Don't feed the Trolls

I wanted to make a this week's blog post to add on to last week's by talking about how self published authors could reduce the cost of printing. In doing my research I found... nothing. I found a few printers that could match the $4.50 per book mark, but none that could beat it. This is for a 300 page paperback book with perfect binding. I'm going to do more research to see if it's cost effective to publish hardback books. Thus far I've only explored paperbacks.

Instead this week I wanted to talk about the negative people who are always trying to tear down things. They try to give bad advice, and any good advice should be ignored because it didn't come from them. Any innovation that empowers the individual over the establishment is bad. They try to drum up controversy as much as possible for their own benefit. If you follow self publishing news then you have come across a few of these people. They are the trolls of the internet.

How do we combat this? It's simple. Don't feed them. It's easier said than done. Here's a list of things that work for me.

1. Don't give them the satisfaction.

They are trying to get a reaction with their incendiary comments. They want you to comment on their website. It's like confronting them on their home turf. They have friends there that will defend them. It will be near impossible to get your message through to these people. They have already made up their mind, and there is very little you can do to change that. Giving them any kind of debate is only a work of frustration.

2. Combat them on your turf.

I'm not a fan of the "look at this idiot" posts, so I am not going to link to the person who inspired this one. One of his blog posts spoke about how self published authors should not be called authors. Another spoke about Hugh Howey giving bad advice that could ruin the entire industry or some other such nonsense. If you must comment on something like that then you should do it on your own turf. Write a blog post, tweet about it, post your comment on your facebook page, talk about it in your Goodreads group, etc... If the troll migrates to your blog, you have control over the venue.
You can delete any comments that are offensive, or disable them entirely.

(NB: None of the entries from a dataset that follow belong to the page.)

lemma perturbed_argmin_derivative:
  fixes G k :: "real^'n \<Rightarrow> real"
  assumes G: "\<And>v. G differentiable (at v)" "\<And>v. grad G differentiable (at v)"
    and k: "\<And>v. k differentiable (at v)" "\<And>v. grad k differentiable (at v)"
    and V: "(V has_vector_derivative V') (at 0)"
    and "\<delta> > 0" and argmin: "\<And>e. \<bar>e\<bar> < \<delta> \<Longrightarrow> V e \<in> argmin_set (\<lambda>v. G v + e * k v)"
    and inv: "invertible (hess G (V 0))"
  shows "V' = - (matrix_inv (hess G (V 0)) *v grad k (V 0))"
proof -
  have "grad G (V e) + e *\<^sub>R grad k (V e) = 0" if "\<bar>e\<bar> < \<delta>" for e
  proof -
    have "grad (\<lambda>v. G v + e * k v) (V e) = 0"
      using G k argmin[OF that] by (intro grad_eq_0_if_argmin differentiable_add differentiable_mult) auto
    then show ?thesis
      using G k by (simp add: grad_add grad_cmult)
  qed
  from implicit_derivative_of_perturbed_zero[OF V G(2) k(2) \<open>\<delta> > 0\<close> this] inv
  show ?thesis by (simp add: hess_def)
qed

lemma partial_argmin_derivative:
  fixes F :: "real^('a::finite + 'b::finite) \<Rightarrow> real"
  assumes F: "\<And>v. F differentiable (at v)" "\<And>v. grad F differentiable (at v)"
    and A: "(A has_vector_derivative A') (at 0)" and B: "(B has_vector_derivative B') (at 0)"
    and "\<delta> > 0" and argmin: "\<And>e. \<bar>e\<bar> < \<delta> \<Longrightarrow> B e \<in> argmin_set (\<lambda>b. F (concat (A e) b))"
    and inv: "invertible (hess (\<lambda>b. F (concat (A 0) b)) (B 0))"
  shows "B' = - (matrix_inv (hess (\<lambda>b. F (concat (A 0) b)) (B 0))
                  *v (jacobian (\<lambda>a. grad (\<lambda>b. F (concat a b)) (B 0)) (at (A 0)) *v A'))"
proof -
  define \<Phi> where "\<Phi> v = sndpart (grad F v)" for v
  have \<Phi>: "\<Phi> differentiable (at v)" for v
    unfolding \<Phi>_def using bounded_linear.has_derivative[OF bounded_linear_sndpart
        F(2)[unfolded frechet_derivative_works]] by (rule differentiableI)
  have grad_section: "grad (\<lambda>b. F (concat a b)) = (\<lambda>b. \<Phi> (concat a b))" for a
    using grad_concat_right[OF F(1)] by (auto simp: \<Phi>_def)
  have "\<Phi> (concat (A e) (B e)) = 0" if "\<bar>e\<bar> < \<delta>" for e
    using grad_eq_0_if_argmin[OF differentiable_concat_right[OF F(1)] argmin[OF that]]
    by (simp add: grad_section)
  from implicit_derivative_of_zero_pair[OF A B \<Phi> \<open>\<delta> > 0\<close> this]
  have "hess (\<lambda>b. F (concat (A 0) b)) (B 0) *v B'
      = - (jacobian (\<lambda>a. grad (\<lambda>b. F (concat a b)) (B 0)) (at (A 0)) *v A')"
    by (simp add: hess_def grad_section eq_neg_iff_add_eq_0 add.commute)
  from eq_matrix_inv_mult[OF inv this] show ?thesis
    by (simp add: matrix_vector_mult_uminus)
qed

theorem theorem1:
  fixes Z :: "'z set" and X :: "'x set"
    and g :: "'z \<Rightarrow> real^'p \<Rightarrow> real^'q \<Rightarrow> real"
    and f :: "'x \<Rightarrow> real^'p \<Rightarrow> real^'s \<Rightarrow> real"
    and z :: 'z
    and Wst :: "real^'p" and Ust :: "real^'q" and Tst :: "real^'s"
    and What :: "real \<Rightarrow> real^'p" and Uhat :: "real \<Rightarrow> real^'q"
    and That :: "real \<Rightarrow> real^'s"
    and \<delta> :: real
  assumes finZ: "finite Z" "Z \<noteq> {}" and finX: "finite X" "X \<noteq> {}"
    and zZ: "z \<in> Z"
    and g_C2: "\<And>z'. C2 (\<lambda>v. g z' (fstpart v) (sndpart v))"
    and f_C2: "\<And>x. C2 (\<lambda>v. f x (fstpart v) (sndpart v))"
    and opt_WU: "argmin_set (\<lambda>(W, U). avg_loss Z g W U) = {(Wst, Ust)}"
    and opt_T: "argmin_set (\<lambda>T. avg_loss X f Wst T) = {Tst}"
    and \<delta>_pos: "\<delta> > 0"
    and pert_WU: "\<And>\<epsilon>. \<bar>\<epsilon>\<bar> < \<delta> \<Longrightarrow>
        argmin_set (\<lambda>(W, U). avg_loss Z g W U + \<epsilon> * g z W U) = {(What \<epsilon>, Uhat \<epsilon>)}"
    and pert_T: "\<And>\<epsilon>. \<bar>\<epsilon>\<bar> < \<delta> \<Longrightarrow>
        argmin_set (\<lambda>T. avg_loss X f (What \<epsilon>) T) = {That \<epsilon>}"
    and diff: "What differentiable (at 0)" "Uhat differentiable (at 0)"
      "That differentiable (at 0)"
    and invG: "invertible (hess (\<lambda>v. avg_loss Z g (fstpart v) (sndpart v)) (concat Wst Ust))"
    and invF: "invertible (hess (\<lambda>T. avg_loss X f Wst T) Tst)"
  shows "vector_derivative What (at 0) =
           - fstpart (matrix_inv (hess (\<lambda>v. avg_loss Z g (fstpart v) (sndpart v)) (concat Wst Ust))
                        *v grad (\<lambda>v. g z (fstpart v) (sndpart v)) (concat Wst Ust))
       \<and> vector_derivative That (at 0) =
           matrix_inv (hess (\<lambda>T. avg_loss X f Wst T) Tst)
             *v (jacobian (\<lambda>W. grad (\<lambda>T. avg_loss X f W T) Tst) (at Wst)
             *v fstpart (matrix_inv (hess (\<lambda>v. avg_loss Z g (fstpart v) (sndpart v)) (concat Wst Ust))
                        *v grad (\<lambda>v. g z (fstpart v) (sndpart v)) (concat Wst Ust)))"
proof -
  define G where "G v = avg_loss Z g (fstpart v) (sndpart v)" for v
  define gz where "gz v = g z (fstpart v) (sndpart v)" for v
  define F where "F v = avg_loss X f (fstpart v) (sndpart v)" for v
  define W' U' T' where "W' = vector_derivative What (at 0)"
    and "U' = vector_derivative Uhat (at 0)" and "T' = vector_derivative That (at 0)"
  have G: "G differentiable (at v)" "grad G differentiable (at v)" for v
    unfolding G_def using finZ(1) g_C2 by (rule differentiable_avg_loss differentiable_grad_avg_loss)+
  have gz: "gz differentiable (at v)" "grad gz differentiable (at v)" for v
    using g_C2[of z] unfolding C2_def gz_def by blast+
  have F: "F differentiable (at v)" "grad F differentiable (at v)" for v
    unfolding F_def using finX(1) f_C2 by (rule differentiable_avg_loss differentiable_grad_avg_loss)+
  have W': "(What has_vector_derivative W') (at 0)" and U': "(Uhat has_vector_derivative U') (at 0)"
    and T': "(That has_vector_derivative T') (at 0)"
    using diff unfolding W'_def U'_def T'_def vector_derivative_works by blast+
  have W0: "What 0 = Wst" and U0: "Uhat 0 = Ust" and T0: "That 0 = Tst"
    using pert_WU[of 0] pert_T[of 0] opt_WU opt_T \<delta>_pos by auto
  have "concat (What e) (Uhat e) \<in> argmin_set (\<lambda>v. G v + e * gz v)" if "\<bar>e\<bar> < \<delta>" for e
    using pert_WU[OF that] by (intro concat_mem_argmin_set) (simp add: G_def gz_def)
  from perturbed_argmin_derivative[OF G gz has_vector_derivative_concat[OF W' U'] \<delta>_pos this]
  have "concat W' U' = - (matrix_inv (hess G (concat Wst Ust)) *v grad gz (concat Wst Ust))"
    using invG[folded G_def[abs_def]] by (simp add: W0 U0)
  then have W'_eq: "W' = - fstpart (matrix_inv (hess G (concat Wst Ust)) *v grad gz (concat Wst Ust))"
    by (metis fstpart_concat fstpart_uminus)
  have "T' = - (matrix_inv (hess (\<lambda>T. avg_loss X f Wst T) Tst)
                 *v (jacobian (\<lambda>W. grad (\<lambda>T. avg_loss X f W T) Tst) (at Wst) *v W'))"
    using partial_argmin_derivative[OF F W' T' \<delta>_pos] pert_T invF
    by (simp add: F_def W0 T0)
  with W'_eq show ?thesis
    unfolding W'_def T'_def G_def[abs_def] gz_def[abs_def] by (simp add: matrix_vector_mult_uminus)
qed

end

3. Realize the trolls don't need to make sense.

If you get into an argument with a troll, they might make up stuff or falsify information to try to win an argument. Trolls don't filter what comes out of their mouths or type, so they could claim that you are being mind controlled by aliens. (I'm pretty sure that I am not!) Don't try to argue fact vs. fiction. Fiction will win more often than not if it sounds factual. It's not worth your time or energy.

4. Realize that you don't need much evidence.

There's no need to keep having encounters with the same troll over and over. Who has time for that? Don't put yourself through the torture. Find something better to occupy your time. Once you have confirmed that they are an idiot, how much more evidence do you need?  If they have three posts that are based on inaccurate information, poorly thought out conclusions, and filled with errors then why should you expect anything different in their next post? You don't have to continue to read that drivel. 

Final thought

Every person that you disagree with is not a troll. If they post intelligent arguments and can engage in a healthy debate on the topic then they aren't the trolls I am talking about. Trolls live to destroy. They ignore your argument even with the evidence staring them in the face. They are crying for attention, and think it's funny to frustrate all who dare disagree with them. Please don't feed them.